Command and Control, defined generically in terms of national defense, is the exercise of authority and direction by designated commander(s) over assigned forces in the accomplishment of a mission. Command is the authority vested in an individual for the direction, coordination and control of military forces. Control is the means by which command is exercised.

The C2 market consists of national systems that provide the highest level of military Command and Control, and tactical technologies and systems that support the command and control of tactical military forces. Command and Control applications include aircraft, shipboard, fixed land, mobile and satellite systems.

A key player in the next generation of Command and Control will be the U.S. Air Force E-10A Multi-Sensor Command and Control Aircraft. The E-10A will provide advanced ground surveillance and cruise missile defense with a robust battle management capability.

Initially, it will be equipped with an advanced ground surveillance radar, high-processing-capacity computers and robust battle management communications capability. Information from various sources then will be fused and translated at the speed of light into a single, integrated, real-time picture of the ground battlefield.

"The E-10A, with its robust Battle Management Command and Control system, fuses information from a variety of sources into a single integrated picture that lets commanders make accurate, knowledge-based decisions; and war fighters, in turn, act decisively, rapidly and strategically," said George Muellner, Boeing Integrated Defense Systems senior vice president and general manager of Air Force Systems.

Initially, the E-10A is intended to replace the E-8C Joint Stars aircraft to provide improved tracking of moving ground targets. Additionally, it will be designed to detect low-flying cruise missiles.
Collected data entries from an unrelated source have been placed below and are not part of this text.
lemma suminf_fps_split_head:
  fixes f :: "nat \<Rightarrow> 'a::comm_ring_1 fps"
  assumes "order_ge_index f"
  shows "suminf f = f 0 + (\<Sum>k. f (Suc k))"
proof (rule fps_ext)
  fix n
  have "suminf f $ n = f 0 $ n + (\<Sum>k<n. f (Suc k) $ n)"
    using assms by (simp add: suminf_fps_nth sum.atMost_shift)
  also have "(\<Sum>k<n. f (Suc k) $ n) = (\<Sum>k\<le>n. f (Suc k) $ n)"
    using assms by (simp add: lessThan_Suc_atMost[symmetric] order_ge_index_def)
  finally show "suminf f $ n = (f 0 + (\<Sum>k. f (Suc k))) $ n"
    using assms by (simp add: suminf_fps_nth order_ge_index_Suc)
qed

lemma suminf_fps_drop_zeros:
  fixes f :: "nat \<Rightarrow> 'a::comm_ring_1 fps"
  assumes "order_ge_index f" "\<And>k. k < s \<Longrightarrow> f k = 0"
  shows "suminf f = (\<Sum>k. f (k + s))"
  using assms
proof (induction s arbitrary: f)
  case (Suc s)
  have "suminf f = (\<Sum>k. f (Suc k))"
    using suminf_fps_split_head[OF Suc.prems(1)] Suc.prems(2)[of 0] by simp
  also have "\<dots> = (\<Sum>k. f (k + Suc s))"
    using Suc.IH[of "\<lambda>k. f (Suc k)"] Suc.prems order_ge_index_Suc by auto
  finally show ?case .
qed simp

lemma qpoch_0 [simp]: "qpoch 0 = 1"
  by (simp add: qpoch_def)

lemma qpoch_Suc: "qpoch (Suc n) = qpoch n * (1 - fps_X ^ Suc n)"
  by (simp add: qpoch_def)

lemma qpoch_nth_0 [simp]: "qpoch n $ 0 = 1"
  by (induction n) (simp_all add: qpoch_Suc)

lemma qpoch_nth_stable: "n \<le> N \<Longrightarrow> qpoch N $ n = qpoch n $ n"
proof (induction N)
  case (Suc N)
  show ?case
  proof (cases "n = Suc N")
    case False
    then have "n \<le> N" using Suc.prems by simp
    then have "(fps_X ^ Suc N * qpoch N) $ n = 0"
      by (simp add: fps_X_power_mult_nth del: power_Suc)
    then show ?thesis
      using Suc.IH \<open>n \<le> N\<close> by (simp add: qpoch_Suc algebra_simps)
  qed simp
qed simp

lemma qpoch_inf_nth:
  assumes "n \<le> N"
  shows "qpoch_inf $ n = qpoch N $ n"
proof -
  define Q where "Q = Abs_fps (\<lambda>n. qpoch n $ n)"
  have "(\<lambda>N. \<Prod>k\<le>N. 1 - fps_X ^ (k + 1)) \<longlonglongrightarrow> Q"
  proof (rule tendsto_fpsI)
    fix n
    show "\<forall>\<^sub>F N in sequentially. (\<Prod>k\<le>N. 1 - fps_X ^ (k + 1)) $ n = Q $ n"
      using eventually_ge_at_top[of n]
    proof eventually_elim
      case (elim N)
      have "(\<Prod>k\<le>N. 1 - fps_X ^ (k + 1)) = qpoch (Suc N)"
        by (simp only: qpoch_def lessThan_Suc_atMost)
      then show ?case using qpoch_nth_stable[of n "Suc N"] elim by (simp add: Q_def)
    qed
  qed
  moreover have "Q $ 0 = 1"
    by (simp add: Q_def)
  ultimately have "(\<lambda>k. 1 - fps_X ^ (k + 1)) has_prod Q"
    unfolding has_prod_def raw_has_prod_def by auto
  then have "qpoch_inf = Q"
    unfolding qpoch_inf_def by (rule has_prod_unique[symmetric])
  then show ?thesis
    using qpoch_nth_stable[OF assms] by (metis Q_def fps_nth_Abs_fps)
qed

lemma fps_inverse_nth_eqI:
  fixes f g :: "'a::field fps"
  assumes "\<And>j. j \<le> n \<Longrightarrow> f $ j = g $ j" "f $ 0 \<noteq> 0" "g $ 0 \<noteq> 0"
  shows "inverse f $ n = inverse g $ n"
proof -
  have "inverse f - inverse g = inverse f * inverse g * (g - f)"
  proof -
    have "inverse f * inverse g * (g - f)
        = inverse f * (inverse g * g) - inverse g * (inverse f * f)"
      by (simp add: algebra_simps)
    also have "\<dots> = inverse f - inverse g"
      using assms(2,3) by (simp add: inverse_mult_eq_1)
    finally show ?thesis by simp
  qed
  moreover have "(inverse f * inverse g * (g - f)) $ n = 0"
    unfolding fps_mult_nth[of _ "g - f"] using assms(1) by (intro sum.neutral) auto
  ultimately have "(inverse f - inverse g) $ n = 0" by simp
  then show ?thesis by simp
qed

lemma inverse_qpoch_inf_nth: "inverse qpoch_inf $ n = inverse (qpoch n) $ n"
  by (rule fps_inverse_nth_eqI) (auto simp: qpoch_inf_nth)

lemma qpoch_nonzero [simp]: "qpoch n \<noteq> 0"
  using qpoch_nth_0[of n] by (metis fps_zero_nth zero_neq_one)

text \<open>Identities between quotients of power series are checked in the field of Laurent series.\<close>

lemma fps_to_fls_inverse_unit [simp]:
  fixes f :: "'a::field fps"
  shows "f $ 0 \<noteq> 0 \<Longrightarrow> fps_to_fls (inverse f) = inverse (fps_to_fls f)"
  by (simp add: fls_inverse_fps_to_fls)

lemma fps_to_fls_divide_unit [simp]:
  fixes f g :: "'a::field fps"
  shows "g $ 0 \<noteq> 0 \<Longrightarrow> fps_to_fls (f / g) = fps_to_fls f / fps_to_fls g"
  using fls_divide_fps_to_fls[of g f] by simp

lemma fls_X_power_neq_one [simp]: "0 < j \<Longrightarrow> (fls_X ^ j :: 'a::field fls) \<noteq> 1"
proof
  assume "0 < j" "fls_X ^ j = (1 :: 'a fls)"
  then have "fls_nth (fls_X ^ j :: 'a fls) 0 = fls_nth 1 0" by simp
  with \<open>0 < j\<close> show False by simp
qed

lemma fps_to_fls_qpoch_Suc:
  "fps_to_fls (qpoch (Suc n)) = fps_to_fls (qpoch n) * (1 - fls_X ^ Suc n)"
  by (simp add: qpoch_Suc fls_times_fps_to_fls fps_to_fls_power)

lemmas fps_to_fls_simps = fls_times_fps_to_fls fps_to_fls_power

definition durfee_term :: "nat \<Rightarrow> nat \<Rightarrow> nat \<Rightarrow> rat fps" where
  "durfee_term a b k = fps_X ^ (k * k + b * k) * inverse (qpoch k * qpoch (k + a))"

definition durfee_series :: "nat \<Rightarrow> nat \<Rightarrow> rat fps" where
  "durfee_series a b = (\<Sum>k. durfee_term a b k)"

lemma order_ge_index_durfee_term: "order_ge_index (durfee_term a b)"
  unfolding durfee_term_def
  by (rule order_ge_index_X_power_mult) (meson le_add1 le_square order_trans)

lemma fps_to_fls_durfee_term:
  "fps_to_fls (durfee_term a b k)
     = fls_X ^ (k * k + b * k) / (fps_to_fls (qpoch k) * fps_to_fls (qpoch (k + a)))"
  by (simp add: durfee_term_def fps_to_fls_simps fps_mult_nth_0 divide_inverse)

lemma fps_inverse_mult_cancel_right:
  fixes f c :: "'a::field fps"
  assumes "f $ 0 \<noteq> 0" "c $ 0 \<noteq> 0"
  shows "inverse (f * c) * c = inverse f"
  using assms by (simp add: fps_inverse_mult inverse_mult_eq_1 mult.assoc)

lemma durfee_term_Suc_right: "durfee_term a (Suc b) k = fps_X ^ k * durfee_term a b k"
  by (simp add: durfee_term_def power_add algebra_simps)

lemma durfee_term_Suc_left:
  "durfee_term a b k = durfee_term (Suc a) b k * (1 - fps_X ^ Suc (k + a))"
  unfolding durfee_term_def
  using fps_inverse_mult_cancel_right[of "qpoch k * qpoch (k + a)" "1 - fps_X ^ Suc (k + a)"]
  by (simp add: qpoch_Suc mult.assoc)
Later derivatives of the E-10A could replace the Boeing E-3 AWACS airborne surveillance aircraft (E-10B) and RC-135 Rivet Joint signals intelligence aircraft (E-10C).

The E-10A program has three physical components:

. The Boeing 767-400ER airplane, manufactured by Boeing at its commercial aircraft production facility in Everett, Wash. The first 767-400ER airplane destined to be an E-10A is scheduled for delivery to Lake Charles, La., for military modifications in July 2006.

. The Multi-Platform Radar Technology Insertion Program sensor being developed by Northrop Grumman and Raytheon.

. The Battle Management Command and Control (BMC2) subsystem-the operational brain of the aircraft. This is anything behind the E-10A's flight deck door except the radar. The BMC2 subsystem will automate sensor data processing tasks currently performed by human operators to present a predictive battle-space awareness picture to the airborne commander. The knowledge to make decisions in near-real time will enable the U.S. Air Force to significantly shorten the "sensor-to-shooter" decision cycle. Boeing IDS is currently competing to win the development of the BMC2 system for the E-10A. The U.S. Air Force will select one of three competitors (Boeing, Lockheed Martin or Northrop Grumman) late this summer.

"The BMC2 program is critical to the Department of Defense vision of an integrated battle space," said Jake Volkert, Boeing IDS vice president, BMC3 & Strategic Systems.

Current plans have the E-10A operational in 2013. Depending on funding and Air Force requirements, the E-10 fleet could number more than 50 aircraft.